As disclosed herein, novel pectin-protein hydrogels were produced from SBH through hydrothermal acidic gelation of pectin and protein without requiring individual biopolymer isolation and purification. The separated insoluble solid and liquid phases are rich in cellulose and dissolved non-gelling fraction of polymers, which can be used to produce cellulose specialties and films/coatings, respectively. The effect of pH, time, and temperature on gel yield and pec/pro ratio was studied using CCD and RSM. The regression analysis showed that all factors were statistically significant in both responses. No significant contribution of the interaction of these factors was observed on the yield, while time*temperature was the only crucial 2-way interaction term affecting the pec/pro ratio.

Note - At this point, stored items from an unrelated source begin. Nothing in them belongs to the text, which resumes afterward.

lemma adversary_wins_of_invariant:
  fixes step :: "'s \<Rightarrow> 'v event \<Rightarrow> 's" and answer :: "'s \<Rightarrow> 'v \<Rightarrow> bool"
    and mem :: "'s \<Rightarrow> 'v \<Rightarrow> bool option"
  assumes adversary: "\<And>h. A h = answer (foldl step start h)"
    and mem_init: "mem start = Map.empty" and mem_step: "\<And>s e. mem (step s e) = apply_event (mem s) e"
    and init: "I start"
    and query: "\<And>s x. I s \<Longrightarrow> real (card (dom (mem s))) \<le> M \<Longrightarrow> I (step s (Queried x (answer s x)))"
    and delete: "\<And>s x. I s \<Longrightarrow> I (step s (Deleted x))"
    and sound: "\<And>s C. I s \<Longrightarrow> C \<in> \<phi> \<Longrightarrow> \<not> falsifies (mem s) C"
    and bounded: "memory_bounded \<phi> M P A"
  shows "adversary_wins \<phi> P A"
proof -
  define S where "S t = foldl step start (play P A t)" for t
  have mem_S: "mem (S t) = memory (play P A t)" for t
    unfolding S_def using mem_init mem_step by (rule memory_foldl)
  have no_win: "\<not> prover_wins_at \<phi> P A t" if "I (S t)" for t
    using sound[OF that] unfolding prover_wins_at_def mem_S by blast
  have "I (S t)" for t
  proof (induction t rule: less_induct)
    case (less t)
    show ?case
    proof (cases t)
      case 0
      then show ?thesis using init by (simp add: S_def)
    next
      case (Suc s)
      have "real (card (dom (mem (S s)))) \<le> M"
        using bounded no_win less Suc unfolding memory_bounded_def mem_S by simp
      moreover have "S (Suc s) = step (S s) (respond A (play P A s) (P (play P A s)))"
        by (simp add: S_def)
      ultimately show ?thesis
        using less[of s] Suc query delete adversary
        by (cases "P (play P A s)") (simp_all add: S_def)
    qed
  qed
  then show ?thesis using no_win unfolding adversary_wins_def by blast
qed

Higher temperatures and lower pH positively affected the extraction and gelation of pectin and protein. While increasing the heating time facilitated depolymerization and subsequent reduction in the yield. Increasing temperature and pH positively influenced the pec/pro ratio with increased pectin extraction and less degradation of the GalA in the backbone. The lower pH (far from the protein's Ip) is a prerequisite for protein solubility and increasing its contribution to the gel phase. In comparison, protein would form heat-induced insoluble aggregates at higher pH (close to the Ip), which will mostly stay with the insoluble solid fraction after centrifugation.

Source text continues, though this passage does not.